section \<open>The iteration\<close>

lemma iteration_positive_det:
  assumes T0: "strictly_positive_op (T 0)" and u_less_1: "norm u < 1"
    and T_Suc: "\<And>n. T (Suc n) = op_sqrt (T n) ** (mat 1 - ketbra u u) ** op_sqrt (T n)"
  shows "positive_op (T n) \<and> Re (det (T n)) = (1 - (norm u)\<^sup>2) ^ n * Re (det (T 0))"
proof (induction n)
  case 0
  then show ?case
    using T0 by (simp add: strictly_positive_op_def)
next
  case (Suc n)
  have "0 < (1 - (norm u)\<^sup>2) ^ n"
    using u_less_1 by (simp add: power_less_one_iff abs_less_iff)
  then have "0 < Re (det (T n))"
    using Suc.IH strictly_positive_op_det_pos[OF T0] by simp
  note sqrt_T = op_sqrt_formula[OF conjunct1[OF Suc.IH] this refl refl]
  let ?S = "op_sqrt (T n)"
  have pos_Suc: "positive_op (T (Suc n))"
    unfolding T_Suc using u_less_1
    by (intro positive_op_congruence positive_op_hermitian[OF sqrt_T(2)] positive_op_one_minus_ketbra) simp
  have "det (T (Suc n)) = det (?S ** ?S) * det (mat 1 - ketbra u u)"
    unfolding T_Suc det_mul by (simp add: mult_ac)
  then show ?case
    using pos_Suc Suc.IH unfolding sqrt_T(3) det_one_minus_ketbra by simp
qed

lemma iteration_coefficient_recursion:
  assumes u_pos: "0 < norm u" and u_less_1: "norm u < 1" and T0: "strictly_positive_op (T 0)"
    and T_Suc: "\<And>n. T (Suc n) = op_sqrt (T n) ** (mat 1 - ketbra u u) ** op_sqrt (T n)"
    and basis: "orthonormal_pair e f" and u_e: "u = norm u *\<^sub>R e"
  shows "coefficient_recursion ((norm u)\<^sup>2) (\<lambda>n. Re (cinner e (T n *v e)))
           (\<lambda>n. cmod (cinner e (T n *v f))) (\<lambda>n. Re (cinner f (T n *v f))) (\<lambda>n. sqrt (Re (det (T n))))"
proof -
  define \<rho> D where "\<rho> = 1 - (norm u)\<^sup>2" and "D = Re (det (T 0))"
  have \<rho>: "0 < \<rho>" "\<rho> < 1"
    using u_pos u_less_1 by (simp_all add: \<rho>_def power_less_one_iff abs_less_iff)
  have D_pos: "0 < D"
    using strictly_positive_op_det_pos[OF T0] by (simp add: D_def)
  have pos: "positive_op (T n)" and det: "Re (det (T n)) = \<rho> ^ n * D" for n
    using iteration_positive_det[OF T0 u_less_1 T_Suc, of n] unfolding \<rho>_def D_def by blast+
  have det_pos: "0 < Re (det (T n))" for n
    using \<rho> D_pos by (simp add: det)
  have herm: "hermitian (T n)" for n
    by (rule positive_op_hermitian[OF pos])
  define a \<beta> d \<delta> where "a = (\<lambda>n. Re (cinner e (T n *v e)))" and "\<beta> = (\<lambda>n. cmod (cinner e (T n *v f)))"
    and "d = (\<lambda>n. Re (cinner f (T n *v f)))" and "\<delta> = (\<lambda>n. sqrt (Re (det (T n))))"
  note step = sqrt_step_in_basis[OF basis pos det_pos refl refl refl refl refl, where \<nu> = "norm u", folded u_e]
  have "coefficient_recursion ((norm u)\<^sup>2) a \<beta> d \<delta>"
  proof unfold_locales
    show "0 < (norm u)\<^sup>2" "(norm u)\<^sup>2 < 1"
      using \<rho> u_pos by (simp_all add: \<rho>_def)
    show "0 \<le> a n" "0 \<le> \<beta> n" "0 \<le> d n" "0 < \<delta> n" for n
      using pos[of n] det_pos[of n] by (simp_all add: positive_op_def a_def \<beta>_def d_def \<delta>_def)
    show "decseq \<delta>"
      using \<rho> D_pos by (intro decseq_SucI) (simp add: \<delta>_def det mult_left_le_one_le)
    have "\<delta> = (\<lambda>n. sqrt D * sqrt \<rho> ^ n)"
      by (simp add: \<delta>_def det real_sqrt_mult real_sqrt_power mult.commute)
    then show "summable \<delta>"
      using \<rho> by (simp add: summable_geometric)
    show "a n * d n - (\<beta> n)\<^sup>2 = (\<delta> n)\<^sup>2" for n
      using hermitian_det_in_basis[OF basis herm] det_pos[of n] by (simp add: a_def \<beta>_def d_def \<delta>_def)
    show "a (Suc n) = a n - (norm u)\<^sup>2 * (a n + \<delta> n)\<^sup>2 / (a n + d n + 2 * \<delta> n)" for n
      by (simp add: a_def d_def \<delta>_def T_Suc step(1))
    show "d (Suc n) = d n - (norm u)\<^sup>2 * (\<beta> n)\<^sup>2 / (a n + d n + 2 * \<delta> n)" for n
      by (simp add: a_def \<beta>_def d_def \<delta>_def T_Suc step(3))
    show "\<beta> (Suc n) = (1 - (norm u)\<^sup>2 * (a n + \<delta> n) / (a n + d n + 2 * \<delta> n)) * \<beta> n" for n
      using contraction_rate_less_1[of "a n" "d n" "\<delta> n" "(norm u)\<^sup>2"] pos[of n] det_pos[of n] \<rho>
      unfolding \<beta>_def T_Suc step(2) norm_mult norm_of_real
      by (simp add: positive_op_def \<rho>_def a_def d_def \<delta>_def)
  qed
  then show ?thesis
    by (simp add: a_def \<beta>_def d_def \<delta>_def)
qed

lemma iteration_limits_in_basis:
  assumes u_pos: "0 < norm u" and u_less_1: "norm u < 1" and T0: "strictly_positive_op (T 0)"
    and T_Suc: "\<And>n. T (Suc n) = op_sqrt (T n) ** (mat 1 - ketbra u u) ** op_sqrt (T n)"
    and basis: "orthonormal_pair e f" and u_e: "u = norm u *\<^sub>R e"
  shows "(\<lambda>n. cinner e (T n *v e)) \<longlonglongrightarrow> 0" and "(\<lambda>n. cinner e (T n *v f)) \<longlonglongrightarrow> 0"
    and "(\<lambda>n. cinner f (T n *v e)) \<longlonglongrightarrow> 0"
    and "cinner e (T 0 *v f) = 0 \<Longrightarrow> (\<lambda>n. cinner f (T n *v f)) \<longlonglongrightarrow> cinner f (T 0 *v f)"
    and "cinner e (T 0 *v f) \<noteq> 0 \<Longrightarrow> (\<lambda>n. cinner f (T n *v f)) \<longlonglongrightarrow> 0"
proof -
  interpret coefficient_recursion "(norm u)\<^sup>2" "\<lambda>n. Re (cinner e (T n *v e))"
    "\<lambda>n. cmod (cinner e (T n *v f))" "\<lambda>n. Re (cinner f (T n *v f))" "\<lambda>n. sqrt (Re (det (T n)))"
    by (rule iteration_coefficient_recursion[OF assms])
  have herm: "hermitian (T n)" for n
    using iteration_positive_det[OF T0 u_less_1 T_Suc, of n] positive_op_hermitian by blast
  show "(\<lambda>n. cinner e (T n *v e)) \<longlonglongrightarrow> 0"
    using tendsto_of_real[OF a_tendsto_zero, where 'a = complex]
    by (simp add: cinner_hermitian_real[OF herm, symmetric])
  show lim_ef: "(\<lambda>n. cinner e (T n *v f)) \<longlonglongrightarrow> 0"
    using \<beta>_tendsto_zero by (simp add: tendsto_norm_zero_iff)
  show "(\<lambda>n. cinner f (T n *v e)) \<longlonglongrightarrow> 0"
    using tendsto_cnj[OF lim_ef] by (simp add: cinner_hermitian[OF herm, where x = f and y = e])
  show "(\<lambda>n. cinner f (T n *v f)) \<longlonglongrightarrow> cinner f (T 0 *v f)" if "cinner e (T 0 *v f) = 0"
  proof -
    have "(\<lambda>n. cinner f (T n *v f)) = (\<lambda>_. cinner f (T 0 *v f))"
      using that d_constant_if_\<beta>0_zero cinner_hermitian_real[OF herm, where x = f] by (metis norm_zero)
    then show ?thesis
      by simp
  qed
  show "(\<lambda>n. cinner f (T n *v f)) \<longlonglongrightarrow> 0" if "cinner e (T 0 *v f) \<noteq> 0"
    using tendsto_of_real[OF d_tendsto_zero_if_\<beta>0_nonzero, where 'a = complex] that
    by (simp add: cinner_hermitian_real[OF herm, symmetric])
qed

theorem theorem4p1:
  fixes u f :: cvec and T :: "nat \<Rightarrow> cop"
  assumes u_pos: "0 < norm u" and u_lt1: "norm u < 1"
    and T0: "strictly_positive_op (T 0)"
    and T_rec: "\<And>n. T (Suc n) = op_sqrt (T n) ** ((mat 1 :: cop) - ketbra u u) ** op_sqrt (T n)"
    and f_unit: "norm f = 1"
    and f_perp: "cinner (scaleR (1 / norm u) u) f = 0"
  shows "(cinner (scaleR (1 / norm u) u) (T 0 *v f) = 0 \<longrightarrow>
           (T \<longlonglongrightarrow> op_scale (cinner f (T 0 *v f)) (ketbra f f)))
       \<and> (cinner (scaleR (1 / norm u) u) (T 0 *v f) \<noteq> 0 \<longrightarrow> (T \<longlonglongrightarrow> 0))"
proof -
  define e where "e = (1 / norm u) *\<^sub>R u"
  have ff: "cinner f f = 1" and ef: "cinner e f = 0" and fe: "cinner f e = 0"
    using f_unit f_perp cinner_commute[of f e] by (simp_all add: e_def cinner_self)
  moreover have "cinner e e = 1"
    using u_pos by (simp add: e_def cinner_self)
  ultimately have basis: "orthonormal_pair e f"
    by (simp add: orthonormal_pair_def)
  have "u = norm u *\<^sub>R e"
    using u_pos by (simp add: e_def)
  note lim = iteration_limits_in_basis[OF u_pos u_lt1 T0 T_rec basis this]
  show ?thesis
    unfolding e_def[symmetric]
  proof (intro conjI impI)
    assume "cinner e (T 0 *v f) = 0"
    then show "T \<longlonglongrightarrow> op_scale (cinner f (T 0 *v f)) (ketbra f f)"
      using lim(1-3) lim(4)
      by (intro tendsto_in_basis[OF basis]) (simp_all add: cinner_op_scale cinner_ketbra ff ef fe)
  next
    assume "cinner e (T 0 *v f) \<noteq> 0"
    then show "T \<longlonglongrightarrow> 0"
      using lim(1-3) lim(5) by (intro tendsto_in_basis[OF basis]) (simp_all add: cinner_2)
  qed
qed
lemma finite_int_between: "finite {n::int. (a::real) < of_int n \<and> of_int n \<le> (b::real)}"
  by (rule finite_subset[of _ "{\<lfloor>a\<rfloor>..\<lceil>b\<rceil>}"])
    (auto simp: floor_le_iff le_ceiling_iff intro: less_imp_le)

lemma card_le_diameter_int:
  fixes S :: "int set"
  assumes "finite S" "0 \<le> L" "\<And>a b. a \<in> S \<Longrightarrow> b \<in> S \<Longrightarrow> of_int (b - a) \<le> L"
  shows "real (card S) \<le> L + 1"
proof (cases "S = {}")
  case False
  have "Min S \<le> Max S" "of_int (Max S - Min S) \<le> L"
    using assms(1,3) False by auto
  moreover have "card S \<le> card {Min S..Max S}"
    using assms(1) by (intro card_mono) auto
  ultimately show ?thesis
    by simp
qed (use assms in simp)

lemma order_convex_int_set_eq_atLeastAtMost:
  fixes S :: "int set"
  assumes "finite S" "S \<noteq> {}" "\<And>a b n. a \<in> S \<Longrightarrow> b \<in> S \<Longrightarrow> a \<le> n \<Longrightarrow> n \<le> b \<Longrightarrow> n \<in> S"
  shows "S = {Min S..Max S}"
proof
  show "S \<subseteq> {Min S..Max S}"
    using assms(1) by auto
  show "{Min S..Max S} \<subseteq> S"
  proof
    fix n assume "n \<in> {Min S..Max S}"
    then show "n \<in> S"
      using assms(3)[of "Min S" "Max S" n] assms(1,2) by simp
  qed
qed
lemma rotated_correlation_bound:
  fixes cx cp \<theta> \<phi> :: real
  assumes "cx \<ge> \<bar>cp\<bar>"
  shows "\<bar>cx * cos \<theta> * cos \<phi> - cp * sin \<theta> * sin \<phi>\<bar> \<le> cx"
proof -
  have cx0: "cx \<ge> 0" using assms by linarith
  have "\<bar>cx * cos \<theta> * cos \<phi> - cp * sin \<theta> * sin \<phi>\<bar> \<le> \<bar>cx * cos \<theta> * cos \<phi>\<bar> + \<bar>cp * sin \<theta> * sin \<phi>\<bar>"
    by (rule abs_triangle_ineq4)
  also have "\<dots> = cx * \<bar>cos \<theta> * cos \<phi>\<bar> + \<bar>cp\<bar> * \<bar>sin \<theta> * sin \<phi>\<bar>"
    using cx0 by (simp add: abs_mult)
  also have "\<dots> \<le> cx * \<bar>cos \<theta> * cos \<phi>\<bar> + cx * \<bar>sin \<theta> * sin \<phi>\<bar>"
    using assms by (intro add_left_mono mult_right_mono) auto
  also have "\<dots> = cx * (\<bar>cos \<theta> * cos \<phi>\<bar> + \<bar>sin \<theta> * sin \<phi>\<bar>)" by (simp add: algebra_simps)
  also have "\<dots> \<le> cx * 1"
  proof (intro mult_left_mono cx0)
    have "2 * \<bar>cos \<theta>\<bar> * \<bar>cos \<phi>\<bar> \<le> (cos \<theta>)\<^sup>2 + (cos \<phi>)\<^sup>2"
      using sum_squares_bound[of "\<bar>cos \<theta>\<bar>" "\<bar>cos \<phi>\<bar>"] by simp
    moreover have "2 * \<bar>sin \<theta>\<bar> * \<bar>sin \<phi>\<bar> \<le> (sin \<theta>)\<^sup>2 + (sin \<phi>)\<^sup>2"
      using sum_squares_bound[of "\<bar>sin \<theta>\<bar>" "\<bar>sin \<phi>\<bar>"] by simp
    moreover have "(cos \<theta>)\<^sup>2 + (sin \<theta>)\<^sup>2 = 1" "(cos \<phi>)\<^sup>2 + (sin \<phi>)\<^sup>2 = 1" by simp_all
    ultimately show "\<bar>cos \<theta> * cos \<phi>\<bar> + \<bar>sin \<theta> * sin \<phi>\<bar> \<le> 1" unfolding abs_mult by linarith
  qed
  finally show ?thesis by simp
qed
· · · · · · ·
INSTRUCTIONS TO FOLLOW: From the first line of the listing above through the line that contains "using u_less_1 by", set down each line without alteration, and nothing else.

EXERCISE ANSWER:
section \<open>The iteration\<close>

lemma iteration_positive_det:
  assumes T0: "strictly_positive_op (T 0)" and u_less_1: "norm u < 1"
    and T_Suc: "\<And>n. T (Suc n) = op_sqrt (T n) ** (mat 1 - ketbra u u) ** op_sqrt (T n)"
  shows "positive_op (T n) \<and> Re (det (T n)) = (1 - (norm u)\<^sup>2) ^ n * Re (det (T 0))"
proof (induction n)
  case 0
  then show ?case
    using T0 by (simp add: strictly_positive_op_def)
next
  case (Suc n)
  have "0 < (1 - (norm u)\<^sup>2) ^ n"
    using u_less_1 by (simp add: power_less_one_iff abs_less_iff)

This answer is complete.